● What to produce: Go through the listing below. Copy each line that has the string "esub".

--- START ---

lemma valuation_surj:
  "valuation ` {x :: ('g::linordered_ab_group_add, 'k::field) semigroup_algebra fract. x \<noteq> 0} = UNIV"
proof (intro set_eqI iffI)
  fix \<gamma> :: 'g
  have p: "Rep_nonneg (Abs_nonneg (max (- \<gamma>) 0)) = max (- \<gamma>) 0"
    and q: "Rep_nonneg (Abs_nonneg (max \<gamma> 0)) = max \<gamma> 0"
    by (simp_all add: Abs_nonneg_inverse)
  let ?x = "Fract (monomial (Abs_nonneg (max (- \<gamma>) 0))) (monomial (Abs_nonneg (max \<gamma> 0)))
    :: ('g, 'k) semigroup_algebra fract"
  have "valuation ?x = max \<gamma> 0 - max (- \<gamma>) 0"
    by (simp add: valuation_Fract p q)
  also have "\<dots> = \<gamma>"
    by (cases "0 \<le> \<gamma>") (auto simp: max_def)
  finally have "\<gamma> = valuation ?x" ..
  moreover have "?x \<in> {x. x \<noteq> 0}"
    by (simp add: Zero_fract_def eq_fract)
  ultimately show "\<gamma> \<in> valuation ` {x :: ('g, 'k) semigroup_algebra fract. x \<noteq> 0}"
    by (rule image_eqI)
qed simp

lemma reciprocal_complement_eq_valuation_nonneg:
  "(reciprocal_complement :: ('g::linordered_ab_group_add, 'k::field) semigroup_algebra fract set)
     = {x. 0 \<le> valuation x}"
proof (intro set_eqI)
  fix x :: "('g, 'k) semigroup_algebra fract"
  show "x \<in> reciprocal_complement \<longleftrightarrow> x \<in> {x. 0 \<le> valuation x}"
  proof (cases x rule: Fract_cases_nonzero)
    case (Fract a b)
    then show ?thesis
      by (simp add: Fract_mem_reciprocal_complement_iff valuation_Fract less_eq_nonneg.rep_eq)
  qed (simp add: reciprocal_complement_zero)
qed

theorem mainTheorem1:
  fixes \<Gamma> :: "'g :: linordered_ab_group_add itself"
    and K :: "'k :: field itself"
  shows "valuation_ring (reciprocal_complement :: ('g, 'k) semigroup_algebra fract set)
       \<and> has_value_group (reciprocal_complement :: ('g, 'k) semigroup_algebra fract set) \<Gamma>"
proof
  let ?R = "reciprocal_complement :: ('g, 'k) semigroup_algebra fract set"
  have R: "?R = {x. 0 \<le> valuation x}"
    by (rule reciprocal_complement_eq_valuation_nonneg)
  show "valuation_ring ?R"
    unfolding valuation_ring_def
  proof (intro conjI allI impI)
    show "subring_of_field ?R"
      by (rule subring_of_field_reciprocal_complement)
    fix x :: "('g, 'k) semigroup_algebra fract"
    have "0 \<le> valuation x \<or> 0 \<le> valuation (inverse x)"
      by (auto simp: valuation_inverse)
    then show "x \<in> ?R \<or> inverse x \<in> ?R"
      by (simp add: R)
  qed
  show "has_value_group ?R \<Gamma>"
    unfolding has_value_group_def
    by (intro exI[of _ valuation]) (simp add: R valuation_mult valuation_surj)
qed
lemma singleton_fibre_finv_funpow:
  assumes dX: "dyn_sys X phi" and dY: "dyn_sys Y f" and fm: "factor_map X phi Y f \<pi>"
    and fibre: "{x \<in> X. \<pi> x = p} = {q}"
  shows "{x \<in> X. \<pi> x = (finv Y f ^^ n) p} = {(finv X phi ^^ n) q}"
proof -
  have q: "q \<in> X" "\<pi> q = p"
    using fibre by auto
  then have "p \<in> Y"
    using fm unfolding factor_map_def by blast
  have hX: "homeomorphism X X (phi ^^ n) (finv X phi ^^ n)"
    using dyn_sys_homeomorphism_funpow[OF dX] .
  have "a = (finv X phi ^^ n) q" if "a \<in> X" "\<pi> a = (finv Y f ^^ n) p" for a
  proof -
    have "\<pi> ((phi ^^ n) a) = (f ^^ n) ((finv Y f ^^ n) p)"
      using factor_map_funpow[OF dX fm \<open>a \<in> X\<close>] that(2) by simp
    also have "\<dots> = p"
      using homeomorphism_apply2[OF dyn_sys_homeomorphism_funpow[OF dY] \<open>p \<in> Y\<close>] .
    finally have "\<pi> ((phi ^^ n) a) = p" .
    then have "(phi ^^ n) a = q"
      using fibre homeomorphism_image1[OF hX] \<open>a \<in> X\<close> by blast
    then show ?thesis
      using homeomorphism_apply1[OF hX \<open>a \<in> X\<close>] by simp
  qed
  moreover have "(finv X phi ^^ n) q \<in> X"
    using homeomorphism_image2[OF hX] q(1) by blast
  ultimately show ?thesis
    using factor_map_finv_funpow[OF dX dY fm q(1)] q(2) by blast
qed

lemma singleton_fibres_uniformly_separated:
  fixes \<pi> :: "'a::metric_space \<Rightarrow> 'b::metric_space"
  assumes "compact X" "continuous_on X \<pi>" "compact F"
    and fibres: "\<And>b. b \<in> F \<Longrightarrow> {a \<in> X. \<pi> a = \<pi> b} = {b}" and "e > 0"
  obtains \<delta> where "\<delta> > 0" "\<And>a b. b \<in> F \<Longrightarrow> a \<in> X \<Longrightarrow> dist (\<pi> b) (\<pi> a) < \<delta> \<Longrightarrow> dist b a < e"
proof -
  define K where "K = (F \<times> X) \<inter> {z. e \<le> dist (fst z) (snd z)}"
  define d where "d = (\<lambda>z. dist (\<pi> (fst z)) (\<pi> (snd z)))"
  have "F \<subseteq> X"
    using fibres by blast
  have "compact K"
    unfolding K_def
    by (intro compact_Int_closed compact_Times assms closed_Collect_le continuous_intros)
  have "continuous_on K d"
    unfolding d_def K_def using \<open>F \<subseteq> X\<close>
    by (intro continuous_intros continuous_on_compose2[OF assms(2)]) auto
  have d_pos: "d z > 0" if "z \<in> K" for z
    using that fibres \<open>e > 0\<close> unfolding K_def d_def by force
  show ?thesis
  proof (cases "K = {}")
    case True
    then show ?thesis
      using that[of 1] unfolding K_def by force
  next
    case False
    then obtain z where "z \<in> K" "\<forall>w\<in>K. d z \<le> d w"
      using continuous_attains_inf[OF \<open>compact K\<close> _ \<open>continuous_on K d\<close>] by blast
    then show ?thesis
      using that[of "d z"] d_pos unfolding K_def d_def by force
  qed
qed
lemma nf_word_split:
  assumes "j \<in> {1..n}"
  shows "nf_word n h = concat (map (\<lambda>k. block_word n k (h k)) [1..<j]) @ block_word n j (h j)
           @ concat (map (\<lambda>k. block_word n k (h k)) [Suc j..<n+1])"
proof -
  have "[1..<n+1] = [1..<j] @ [j..<n+1]"
    using assms upt_add_eq_append[of 1 j "n + 1 - j"] by auto
  also have "[j..<n+1] = j # [Suc j..<n+1]"
    using assms by (simp add: upt_conv_Cons)
  finally show ?thesis
    by (simp only: nf_word_def map_append list.map concat_append concat.simps append_assoc)
qed

lemma cls_Cons_nf_word:
  assumes s: "s \<in> {1..2*n}"
  shows "cls n (s # nf_word n h) = cls n (nf_word n (vmult (gen_vec n s) h))"
proof -
  define j where "j = coord n s"
  have j: "j \<in> {1..n}" and sj: "s \<in> {j, n + j}"
    using s coord_range[OF s] by (auto simp: j_def coord_def)
  define A B where "A = concat (map (\<lambda>k. block_word n k (h k)) [1..<j])"
    and "B = concat (map (\<lambda>k. block_word n k (h k)) [Suc j..<n+1])"
  have nf: "nf_word n (h(j := y)) = A @ block_word n j y @ B" for y
  proof -
    have "concat (map (\<lambda>k. block_word n k ((h(j := y)) k)) [1..<j]) = A"
      "concat (map (\<lambda>k. block_word n k ((h(j := y)) k)) [Suc j..<n+1]) = B"
      unfolding A_def B_def by (auto intro!: arg_cong[where f = concat])
    then show ?thesis
      by (simp only: nf_word_split[OF j] fun_upd_same)
  qed
  have AB: "A \<in> words n" "B \<in> words n"
    unfolding A_def B_def words_def using j by (auto dest!: subsetD[OF set_block_word])
  have A_commute: "\<forall>y\<in>set A. y \<in> {1..2*n} \<and> coord n y \<noteq> coord n s"
    unfolding A_def j_def[symmetric] using j
    by (auto dest!: subsetD[OF set_block_word] simp: coord_def)
  have "cls n (s # nf_word n h) = cls n (s # A) \<otimes>\<^bsub>coxW n\<^esub> cls n (block_word n j (h j) @ B)"
    using s AB block_word_in_words[OF j] nf[of "h j"] by (simp add: mult_cls)
  also have "\<dots> = cls n A \<otimes>\<^bsub>coxW n\<^esub> cls n (s # block_word n j (h j)) \<otimes>\<^bsub>coxW n\<^esub> cls n B"
    using s AB block_word_in_words[OF j] by (simp add: cls_Cons_commute[OF s A_commute] mult_cls)
  also have "\<dots> = cls n (nf_word n (h(j := dih_mult (gen_dih n s) (h j))))"
    using AB block_word_in_words[OF j] by (simp add: cls_Cons_block_word[OF j sj] nf mult_cls)
  finally show ?thesis
    by (simp add: j_def vmult_gen_vec)
qed
lemma no_consecutive_neighbours_of_q:
  assumes "1 \<le> i" "i < m"
  shows "\<not> (E q (p i) \<and> E q (p (Suc i)))"
proof
  assume q: "E q (p i) \<and> E q (p (Suc i))"
  let ?w = "map p [1..<Suc i] @ q # map p [Suc i..<Suc m]"
  have "successively E ?w"
    using assms q by (auto simp del: upt_Suc simp: successively_append_iff successively_Cons edge_sym)
  moreover have "set ?w = V"
    unfolding vertices using assms by (auto simp del: upt_Suc) force+
  moreover have "length ?w = Suc m"
    using assms by simp
  ultimately show False
    by (rule no_spanning_walk)
qed

lemma not_adjacent_q_first: "\<not> E q (p 1)"
proof
  assume q: "E q (p 1)"
  let ?w = "q # map p [1..<Suc m]"
  have "m \<noteq> 0"
    using q neighbour_of_q_on_path by fastforce
  then have "successively E ?w"
    using q by (auto simp del: upt_Suc simp: successively_Cons)
  moreover have "set ?w = V"
    unfolding vertices by (auto simp del: upt_Suc)
  ultimately show False
    by (intro no_spanning_walk) auto
qed

lemma not_adjacent_q_last: "\<not> E q (p m)"
proof
  assume q: "E q (p m)"
  let ?w = "map p [1..<Suc m] @ [q]"
  have "m \<noteq> 0"
    using q neighbour_of_q_on_path by fastforce
  then have "successively E ?w"
    using q by (auto simp del: upt_Suc simp: successively_append_iff edge_sym)
  moreover have "set ?w = V"
    unfolding vertices by (auto simp del: upt_Suc)
  ultimately show False
    by (intro no_spanning_walk) auto
qed

lemma neighbour_of_q_interior:
  assumes "E q (p i)" "1 \<le> i" "i \<le> m"
  shows "2 \<le> i \<and> i < m"
proof -
  have "i \<noteq> 1" "i \<noteq> m"
    using assms(1) not_adjacent_q_first not_adjacent_q_last by auto
  with assms(2,3) show ?thesis
    by simp
qed

lemma not_adjacent_ends:
  assumes "E q (p i)" "1 \<le> i" "i \<le> m"
  shows "\<not> E (p 1) (p m)"
proof
  assume e: "E (p 1) (p m)"
  have "2 \<le> i"
    using neighbour_of_q_interior[OF assms] by simp
  let ?w = "q # map p [i..<Suc m] @ map p [1..<i]"
  have "successively E ?w"
    using assms \<open>2 \<le> i\<close> e by (auto simp del: upt_Suc simp: successively_append_iff successively_Cons edge_sym)
  moreover have "set ?w = V"
    unfolding vertices using assms by (auto simp del: upt_Suc) force+
  moreover have "length ?w = Suc m"
    using assms by simp
  ultimately show False
    by (rule no_spanning_walk)
qed

lemma not_adjacent_first_succ:
  assumes "E q (p i)" "1 \<le> i" "i \<le> m"
  shows "\<not> E (p 1) (p (Suc i))"
proof
  assume e: "E (p 1) (p (Suc i))"
  have i: "2 \<le> i" "i < m"
    using neighbour_of_q_interior[OF assms] by auto
  let ?w = "q # rev (map p [1..<Suc i]) @ map p [Suc i..<Suc m]"
  have "successively E ?w"
    using assms e i
    by (auto simp del: upt_Suc rev_map successively_rev
        simp: successively_append_iff successively_Cons edge_sym hd_rev last_rev)
  moreover have "set ?w = V"
    unfolding vertices using i by (auto simp del: upt_Suc) force+
  moreover have "length ?w = Suc m"
    using i by simp
  ultimately show False
    by (rule no_spanning_walk)
qed

lemma not_adjacent_last_pred:
  assumes "E q (p i)" "1 \<le> i" "i \<le> m"
  shows "\<not> E (p m) (p (i - 1))"
proof
  assume e: "E (p m) (p (i - 1))"
  have i: "2 \<le> i" "i < m"
    using neighbour_of_q_interior[OF assms] by auto
  let ?w = "q # map p [i..<Suc m] @ rev (map p [1..<i])"
  have "successively E ?w"
    using assms e i
    by (auto simp del: upt_Suc rev_map successively_rev
        simp: successively_append_iff successively_Cons edge_sym hd_rev last_rev)
  moreover have "set ?w = V"
    unfolding vertices using i by (auto simp del: upt_Suc) force+
  moreover have "length ?w = Suc m"
    using i by simp
  ultimately show False
    by (rule no_spanning_walk)
qed

lemma not_adjacent_first_pred:
  assumes "E q (p j)" "E q (p i)" "1 \<le> j" "j < i" "i \<le> m"
  shows "\<not> E (p 1) (p (i - 1))"
proof
  assume e: "E (p 1) (p (i - 1))"
  have "Suc j \<noteq> i"
    using no_consecutive_neighbours_of_q[of j] assms by auto
  with assms have ji: "Suc j < i"
    by simp
  let ?w = "rev (map p [i..<Suc m]) @ q # rev (map p [1..<Suc j]) @ rev (map p [Suc j..<i])"
  have "successively E ?w"
    using assms e ji
    by (auto simp del: upt_Suc rev_map successively_rev
        simp: successively_append_iff successively_Cons edge_sym hd_rev last_rev)
  moreover have "set ?w = V"
    unfolding vertices using assms by (auto simp del: upt_Suc) force+
  moreover have "length ?w = Suc m"
    using assms ji by simp
  ultimately show False
    by (rule no_spanning_walk)
qed

lemma not_adjacent_last_succ:
  assumes "E q (p i)" "E q (p j)" "1 \<le> i" "i < j" "j \<le> m"
  shows "\<not> E (p m) (p (Suc i))"
proof
  assume e: "E (p m) (p (Suc i))"
  have "Suc i \<noteq> j"
    using no_consecutive_neighbours_of_q[of i] assms by auto
  with assms have ij: "Suc i < j"
    by simp
  let ?w = "map p [1..<Suc i] @ q # map p [j..<Suc m] @ map p [Suc i..<j]"
  have "successively E ?w"
    using assms e ij by (auto simp del: upt_Suc simp: successively_append_iff successively_Cons edge_sym)
  moreover have "set ?w = V"
    unfolding vertices using assms by (auto simp del: upt_Suc) force+
  moreover have "length ?w = Suc m"
    using assms ij by simp
  ultimately show False
    by (rule no_spanning_walk)
qed

end

theorem mainTheorem11:
  fixes V :: "'a set" and E :: "'a \<Rightarrow> 'a \<Rightarrow> bool" and p :: "nat \<Rightarrow> 'a" and q :: 'a
    and n :: nat
  assumes "simple_graph V E" and "connected_graph V E" and "n \<ge> 4"
    and "V = p ` {1..n-1} \<union> {q}" and "card V = n"
    and "\<forall>i. 1 \<le> i \<and> i < n - 1 \<longrightarrow> E (p i) (p (i+1))"
    and "psi V E (n-1) = 2" and "psi V E n = 0"
  shows "(degree V E (p 1) \<ge> 2 \<and> degree V E (p (n-1)) \<ge> 2) \<and>
    (\<not> E (p 1) (p (n-1)) \<and> \<not> E q (p 1) \<and> \<not> E q (p (n-1)) \<and>
         (\<forall>i\<in>{2..n-2}. E q (p i) \<longrightarrow> \<not> E q (p (i+1)))) \<and>
    (\<forall>i\<in>{1..n-1}. E q (p i) \<longrightarrow> \<not> E (p 1) (p (i+1)) \<and> \<not> E (p (n-1)) (p (i-1))) \<and>
    ((\<forall>i\<in>{1..n-1}. E q (p i) \<and> i > Min {j\<in>{1..n-1}. E q (p j)}
            \<longrightarrow> \<not> E (p 1) (p (i-1))) \<and>
         (\<forall>i\<in>{1..n-1}. E q (p i) \<and> i < Max {j\<in>{1..n-1}. E q (p j)}
            \<longrightarrow> \<not> E (p (n-1)) (p (i+1))))"
proof -
  obtain m where n: "n = Suc m" and m: "3 \<le> m"
    using assms(3) by (cases n) auto
  have fin: "finite V"
    using assms(1) by (simp add: simple_graph_def)
  interpret nontraceable_path_plus_vertex V E p q m
    using assms(1,4-6) psi_eq_0_imp_no_path[OF fin _ assms(8)] n by unfold_locales auto
  have degree_ge_2: "2 \<le> degree V E v" if "E v w" for v w
    using degree_ge_2_if_avoiding_paths[OF assms(1), of m] psi_ge_2_imp_avoiding_path[OF fin]
      assms(5,7) n m that by auto
  have "E (p 1) (p 2)" "E (p m) (p (m - 1))"
    using path_edge[of 1] edge_sym[OF path_edge[of "m - 1"]] m by (simp_all add: numeral_2_eq_2)
  then have "2 \<le> degree V E (p 1)" "2 \<le> degree V E (p m)"
    by (simp_all add: degree_ge_2)
  obtain i0 where i0: "i0 \<in> {1..m}" "E q (p i0)"
    using connected_graph_has_neighbour[OF assms(2), of q "p 1"] q_not_on_path m vertices
      neighbour_of_q_on_path by fastforce
  define N where "N = {j\<in>{1..m}. E q (p j)}"
  have "finite N" "N \<noteq> {}"
    using i0 by (auto simp: N_def)
  then have N: "Min N \<in> N" "Max N \<in> N"
    by (simp_all add: Min_in Max_in)
  show ?thesis
    unfolding n diff_Suc_1 N_def[symmetric]
    using \<open>2 \<le> degree V E (p 1)\<close> \<open>2 \<le> degree V E (p m)\<close>
      not_adjacent_ends[OF i0(2)] i0(1) not_adjacent_q_first not_adjacent_q_last
      no_consecutive_neighbours_of_q not_adjacent_first_succ not_adjacent_last_pred
      not_adjacent_first_pred[of "Min N"] not_adjacent_last_succ[of _ "Max N"] N
    by (auto simp: N_def)
qed

end
text \<open>The lift rho replaces eab, in the tree containing it, by the path ea, eb through v, and
  attaches v to the other tree as a leaf by ec. Deleting an edge of the reduced graph separates the
  same vertices before and after the lift (contract the path a - v - b, or drop the leaf v), so both
  trees stay spanning and the fundamental cuts and cycles of the old edges correspond. The only change
  is that the single edge eab of the reduced tree becomes the two edges ea and eb: for an edge e of
  the other tree, eab is a competitor of f exactly when e lies in the cut of eab and separates a from
  b, while ea resp. eb is one exactly when e lies in the cut of eab and separates c from a resp. b.
  As connectivity in T - e is an equivalence relation on a, b, c, an arc of the reduced graph lifts
  unless e lies in the cut of eab and T - e separates c from both a and b.\<close>

lemma conn_refl [simp]: "conn ends F p p"
  by (simp add: conn_def)

lemma conn_edge: "g \<in> F \<Longrightarrow> ends g = {p,q} \<Longrightarrow> conn ends F p q"
  unfolding conn_def adj_def by (rule r_into_rtrancl) blast
text \<open>The block sequence sum_{k>=1} a_k sum_{i=2^(k-1)}^{2^k-1} e_i, written 0-based:
  coordinate j (paper index j+1) equals a (m) with 2^m <= j+1 < 2^(m+1).\<close>

definition dyadic_block :: "(nat \<Rightarrow> real) \<Rightarrow> nat \<Rightarrow> real" where
  "dyadic_block a j = (\<Sum>m\<le>j. a m * (if 2 ^ m \<le> Suc j \<and> Suc j < 2 ^ Suc m then 1 else 0))"

definition E_space :: "(nat \<Rightarrow> real) set \<Rightarrow> (nat \<Rightarrow> real) set" where
  "E_space X = {a. dyadic_block a \<in> X}"

definition E_norm :: "((nat \<Rightarrow> real) \<Rightarrow> real) \<Rightarrow> (nat \<Rightarrow> real) \<Rightarrow> real" where
  "E_norm N a = N (dyadic_block a)"

end

theory Submission
  imports Defs
begin

text \<open>Let s be the nonincreasing rearrangement of x, so that b k = s (2^k - 1) with 0-based
  indices. On the block 2^m \<le> j + 1 < 2^(m+1) the block sequence of b takes the value
  s (2^m - 1), which lies between s j and s (j div 2). Hence it is squeezed between s and the
  dilation j \<mapsto> s (j div 2). The latter is the sum of the two disjoint copies of s placed
  on the even and on the odd indices, each of norm N x by symmetry, so the norm of the block
  sequence lies between N x and 2 N x.\<close>

lemma banach_seq_lattice_add:
  "banach_seq_lattice E N \<Longrightarrow> x \<in> E \<Longrightarrow> y \<in> E \<Longrightarrow> (\<lambda>k. x k + y k) \<in> E"
  unfolding banach_seq_lattice_def by blast

lemma banach_seq_lattice_norm_nonneg:
  "banach_seq_lattice E N \<Longrightarrow> x \<in> E \<Longrightarrow> 0 \<le> N x"
  unfolding banach_seq_lattice_def by blast

lemma banach_seq_lattice_triangle:
  "banach_seq_lattice E N \<Longrightarrow> x \<in> E \<Longrightarrow> y \<in> E \<Longrightarrow> N (\<lambda>k. x k + y k) \<le> N x + N y"
  unfolding banach_seq_lattice_def by blast

lemma banach_seq_lattice_solid:
  "banach_seq_lattice E N \<Longrightarrow> x \<in> E \<Longrightarrow> (\<And>k. \<bar>y k\<bar> \<le> \<bar>x k\<bar>) \<Longrightarrow> y \<in> E \<and> N y \<le> N x"
  unfolding banach_seq_lattice_def by blast

lemma rearr_eq_0_1: "rearr u 0 = rearr u (Suc 0)"
  by (simp add: rearr_def)

lemma rearr_nonneg: "0 \<le> rearr u k"
  unfolding rearr_def
proof (rule INF_greatest)
  fix A :: "nat set" assume "A \<in> {A. finite A \<and> card A = k - 1}"
  then obtain i where i: "i \<notin> A"
    using ex_new_if_finite[OF infinite_UNIV_nat] by blast
  have "(0::ereal) \<le> ereal \<bar>u i\<bar>" by simp
  also have "\<dots> \<le> (SUP i\<in>-A. ereal \<bar>u i\<bar>)"
    by (rule SUP_upper) (simp add: i)
  finally show "0 \<le> (SUP i\<in>-A. ereal \<bar>u i\<bar>)" .
qed

lemma rearr_le_bound:
  assumes "\<And>k. \<bar>u k\<bar> \<le> B"
  shows "rearr u k \<le> ereal B"
proof -
  have "rearr u k \<le> (SUP i\<in>-{..<k-1}. ereal \<bar>u i\<bar>)"
    unfolding rearr_def by (rule INF_lower) auto
  also have "\<dots> \<le> ereal B"
    by (rule SUP_least) (simp add: assms)
  finally show ?thesis .
qed

lemma rearr_Suc_le:
  assumes "1 \<le> k"
  shows "rearr u (Suc k) \<le> rearr u k"
  unfolding rearr_def
proof (rule INF_greatest)
  fix A :: "nat set" assume "A \<in> {A. finite A \<and> card A = k - 1}"
  then have A: "finite A" "card A = k - 1" by auto
  then obtain a where a: "a \<notin> A"
    using ex_new_if_finite[OF infinite_UNIV_nat] by blast
  have "(INF A \<in> {A. finite A \<and> card A = Suc k - 1}. SUP i \<in> - A. ereal \<bar>u i\<bar>)
      \<le> (SUP i \<in> - insert a A. ereal \<bar>u i\<bar>)"
    using A a assms by (intro INF_lower) auto
  also have "\<dots> \<le> (SUP i \<in> - A. ereal \<bar>u i\<bar>)"
    by (rule SUP_subset_mono) auto
  finally show "(INF A \<in> {A. finite A \<and> card A = Suc k - 1}. SUP i \<in> - A. ereal \<bar>u i\<bar>)
      \<le> (SUP i \<in> - A. ereal \<bar>u i\<bar>)" .
qed

lemma rearr_placement:
  fixes s :: "nat \<Rightarrow> real" and p :: "nat \<Rightarrow> nat" and u :: "nat \<Rightarrow> real"
  assumes inj: "inj p" and dec: "antimono s" and nonneg: "\<And>j. 0 \<le> s j"
    and placed: "\<And>j. \<bar>u (p j)\<bar> = s j" and zero: "\<And>i. i \<notin> range p \<Longrightarrow> u i = 0"
  shows "rearr u k = ereal (s (k - 1))"
proof -
  define n where "n = k - 1"
  have card_image_p: "card (p ` I) = card I" for I
    using inj by (simp add: card_image inj_on_subset)
  have lower: "ereal (s n) \<le> (SUP i\<in>-A. ereal \<bar>u i\<bar>)" if "finite A" "card A = n" for A
  proof -
    have "\<not> p ` {..n} \<subseteq> A"
    proof
      assume "p ` {..n} \<subseteq> A"
      then have "card (p ` {..n}) \<le> card A" by (rule card_mono[OF \<open>finite A\<close>])
      then show False using card_image_p[of "{..n}"] \<open>card A = n\<close> by simp
    qed
    then obtain j where j: "j \<le> n" "p j \<notin> A" by blast
    have "ereal (s n) \<le> ereal \<bar>u (p j)\<bar>"
      using antimonoD[OF dec j(1)] by (simp add: placed)
    also have "\<dots> \<le> (SUP i\<in>-A. ereal \<bar>u i\<bar>)"
      by (rule SUP_upper) (simp add: j)
    finally show ?thesis .
  qed
  have upper: "(SUP i\<in>-(p`{..<n}). ereal \<bar>u i\<bar>) \<le> ereal (s n)"
  proof (rule SUP_least)
    fix i assume i: "i \<in> - p ` {..<n}"
    show "ereal \<bar>u i\<bar> \<le> ereal (s n)"
    proof (cases "i \<in> range p")
      case True
      then obtain j where "i = p j" by blast
      with i have "\<not> j < n" by blast
      then have "n \<le> j" by simp
      then show ?thesis using antimonoD[OF dec] placed \<open>i = p j\<close> by simp
    next
      case False
      then show ?thesis using zero nonneg by simp
    qed
  qed
  have "rearr u k = (INF A \<in> {A. finite A \<and> card A = n}. SUP i \<in> - A. ereal \<bar>u i\<bar>)"
    by (simp add: rearr_def n_def)
  also have "\<dots> = ereal (s n)"
  proof (rule antisym)
    have "(INF A \<in> {A. finite A \<and> card A = n}. SUP i \<in> - A. ereal \<bar>u i\<bar>)
        \<le> (SUP i\<in>-(p`{..<n}). ereal \<bar>u i\<bar>)"
      by (rule INF_lower) (simp add: card_image_p)
    then show "(INF A \<in> {A. finite A \<and> card A = n}. SUP i \<in> - A. ereal \<bar>u i\<bar>) \<le> ereal (s n)"
      using upper by (rule order_trans)
    show "ereal (s n) \<le> (INF A \<in> {A. finite A \<and> card A = n}. SUP i \<in> - A. ereal \<bar>u i\<bar>)"
      using lower by (blast intro: INF_greatest)
  qed
  finally show ?thesis by (simp add: n_def)
qed

definition decr_rearr :: "(nat \<Rightarrow> real) \<Rightarrow> nat \<Rightarrow> real" where
  "decr_rearr x j = real_of_ereal (rearr x (Suc j))"

lemma rearr_eq_decr_rearr:
  assumes "bounded_seq x"
  shows "rearr x k = ereal (decr_rearr x (k - 1))"
proof -
  obtain B where "\<And>k. \<bar>x k\<bar> \<le> B" using assms unfolding bounded_seq_def by blast
  then have "rearr x k = ereal (real_of_ereal (rearr x k))" for k
    using rearr_nonneg[of x k] rearr_le_bound[of x B k] by (intro ereal_real' [symmetric]) auto
  then show ?thesis
    by (cases k) (simp_all add: decr_rearr_def rearr_eq_0_1)
qed

lemma decr_rearr_nonneg: "0 \<le> decr_rearr x j"
  by (simp add: decr_rearr_def rearr_nonneg real_of_ereal_pos)

lemma decr_rearr_antimono:
  assumes "bounded_seq x"
  shows "antimono (decr_rearr x)"
proof (rule antimonoI)
  have "decr_rearr x (Suc j) \<le> decr_rearr x j" for j
    using rearr_Suc_le[of "Suc j" x] rearr_eq_decr_rearr[OF assms, of "Suc j"]
      rearr_eq_decr_rearr[OF assms, of "Suc (Suc j)"] by simp
  then show "i \<le> j \<Longrightarrow> decr_rearr x j \<le> decr_rearr x i" for i j
    by (rule lift_Suc_antimono_le)
qed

--- END ---

● Problem solution:
  have "cls n (s # nf_word n h) = cls n (s # A) \<otimes>\<^bsub>coxW n\<^esub> cls n (block_word n j (h j) @ B)"
  also have "\<dots> = cls n A \<otimes>\<^bsub>coxW n\<^esub> cls n (s # block_word n j (h j)) \<otimes>\<^bsub>coxW n\<^esub> cls n B"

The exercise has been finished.